Adutor do Castanhão

O juiz da 32ª Vara Federal no Ceará, Danilo Dias Vasconcelos Almeida determinou a instauração de inquérito a ser conduzido pela Polícia Federal (PF), nos autos relativos às delações dos ex-executivos da Odebrechet, Ariel Parente Costa e João Pacífico, no âmbito da Operação Lava Jato, que noticiam crimes nas obras do sistema de transferência de água para Fortaleza, através de adutor do Açude Castanhão, em 2005.
Para Danilo Almeida as investigações devem apurar todos os crimes relatados nas colaborações premiadas, em relação a todos os seus autores. O juiz entende que seria prematuro afastar investigações em relação a determinadas pessoas ou fatos.
Danilo Almeida negou a remessa dos autos ao Distrito Federal para apuração os ilícitos imputados ao ex-ministro da Integração Nacional, Geddel Vieira Lima (PMDB-BA). Segundo o juiz, uma vez que esses crimes teriam ocorrido no Ceará, traz a competência para a Seção Judiciária do Ceará. Por fim, não foi acolhida a solicitação de que as condutas imputadas ao assessor do MPF-CE, Marco Antônio de Alencar Araripe sejam conduzidas apenas no âmbito do Ministério Público Federal. O magistrado considera que tal investigação deve ser conduzida também pela Polícia Federal.
Em novembro de 2016, Geddel se demitiu da secretaria de Governo. Aliado de Michel Temer, ele deixou o cargo após ser acusado pelo ex-ministro da Cultura Marcelo Calero de pressioná-lo para liberar uma obra em Salvador.
A decisão indeferiu os pedidos formulados pelo Ministério Público Federal do Ceará (MPF-CE). O órgão solicitou instauração de inquérito apenas quanto aos fatos delitivos atribuídos a César Pinheiro,
ex-secretário de Recursos Hídricos do Ceará, e a Leão Humberto Montezuma, ex-superintendente de Obras Hidráulicas do Ceará. Em sua manifestação, o MPF-CE pediu também a extinção da punibilidade do ex-governador cearense Lúcio Alcântara (PR) e de ex-secretário de Recursos Hídricos, Edinardo Ximenes, além da extinção de punibilidade dos representantes das empreiteiras Andrade Gutierez e Queiroz Galvão.

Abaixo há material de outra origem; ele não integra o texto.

definition char_below :: "nat \<Rightarrow> (nat \<Rightarrow> nat) \<Rightarrow> (nat \<Rightarrow> nat) \<Rightarrow> (nat \<Rightarrow> int) set \<Rightarrow> bool" where
  "char_below n lam m H \<longleftrightarrow> characteristic H (Gp n lam)
     \<and> (\<forall>i\<in>{1..n}. m i = Max {a i | a. a \<in> LambdaG n lam \<and> Tset n lam a \<subseteq> H})"

definition Z2pow :: "nat \<Rightarrow> (nat \<Rightarrow> int) monoid" where
  "Z2pow r = product_group {1..r} (\<lambda>_. integer_mod_group 2)"

definition proj_surjective :: "nat \<Rightarrow> (nat \<Rightarrow> int) set \<Rightarrow> bool" where
  "proj_surjective r K \<longleftrightarrow> subgroup K (Z2pow r)
     \<and> (\<forall>i\<in>{1..r}. (\<lambda>k. k i) ` K = carrier (integer_mod_group 2))"

end

theory Submission
  imports Defs
begin

text \<open>Let e_i(g) be the exponent with |g_i| = 2^e_i(g), let L be the subgroup of all g with
  e_i(g) \<le> m_i for every i, and let M be defined in the same way with m_i lowered by one at each
  nondegenerate coordinate. Every characteristic subgroup H below m satisfies M \<subseteq> H \<subseteq> L.
  The upper bound holds because odd diagonal scalings act transitively on each T(a). For the lower
  bound, H contains, in each cyclic factor j, an element of exponent at least the bound defining M:
  it is \<phi>(h) h^-1 for a suitable h \<in> H, with \<phi> a shear from a neighbouring coordinate when j is
  degenerate, and the negation of coordinate j when j is nondegenerate.

  Recording, at each nondegenerate coordinate i, the bit of g_i at level m_i identifies L/M with
  Z_2^r. Every automorphism preserves these bits on L, since at a nondegenerate coordinate its
  diagonal matrix entry is odd and all other contributions are divisible by a higher power of 2.
  Hence H \<mapsto> (image of H in Z_2^r) is a bijection, inverted by taking preimages in L, and the
  condition that the maxima defining H are exactly m becomes projection-surjectivity.\<close>

section \<open>The 2-adic order exponent\<close>

text \<open>The order of x in Z/2^l is 2^(ord_exp l x) (lemma ord_integer_mod_group_pow2).\<close>

definition ord_exp :: "nat \<Rightarrow> int \<Rightarrow> nat" where
  "ord_exp l x = (LEAST a. (2::int)^l dvd 2^a * x)"

lemma pow2_dvd_pow2_iff: "((2::int)^a dvd 2^b) \<longleftrightarrow> a \<le> b"
proof
  assume "(2::int)^a dvd 2^b"
  hence "(2::int)^a \<le> 2^b" by (simp add: zdvd_imp_le)
  thus "a \<le> b" by simp
qed (simp add: le_imp_power_dvd)

lemma ord_exp_le_iff: "ord_exp l x \<le> b \<longleftrightarrow> (2::int)^l dvd 2^b * x"
proof
  have least: "(2::int)^l dvd 2^(ord_exp l x) * x"
    unfolding ord_exp_def by (rule LeastI[where k = l]) simp
  assume "ord_exp l x \<le> b"
  hence "(2::int)^b * x = 2^(b - ord_exp l x) * (2^(ord_exp l x) * x)"
    by (simp add: mult.assoc flip: power_add)
  thus "(2::int)^l dvd 2^b * x" using least by (metis dvd_mult)
next
  assume "(2::int)^l dvd 2^b * x"
  thus "ord_exp l x \<le> b" unfolding ord_exp_def by (rule Least_le)
qed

As colaborações premiadas de executivos do Grupo Odebrecht noticiam a ocorrência de vários ilícitos, especialmente corrupção ativa e passiva (pagamentos e recebimentos de vantagens indevidas em relação a funcionários públicos), peculato-desvio (recebimento por serviços não executados), fraude à licitação (por meio do ajuste entre concorrentes) e lavagem de dinheiro (utilização de casa de câmbio para mascaramento do ilícito).
A defesa de Geddel mesmo com o caso sendo investigado na Justiça Federal do Ceará só vai se manifestar quando for intimada a depor. Lúcio Alcântara negou qualquer favorecimento na obra. As
defesas de César Pinheiro, Leão Montezuma e Marco Antônio Araripe esperam ter acesso ao processo para se manifestarem.
A família de Edinardo Rodrigues (in memorian), através de nota de esclarecimento diz que "é com muita indignação que toma conhecimento pelos meios de comunicação sobre a denúncia infundada acerca de suspeita de desvios de recursos da obra de uma adutora do Castanhão. Tal denúncia é uma
infâmia contra um homem público que não pode mais se defender pessoalmente. Diante dos fatos, a família envidará esforços no sentido de esclarecer judicialmente a delação".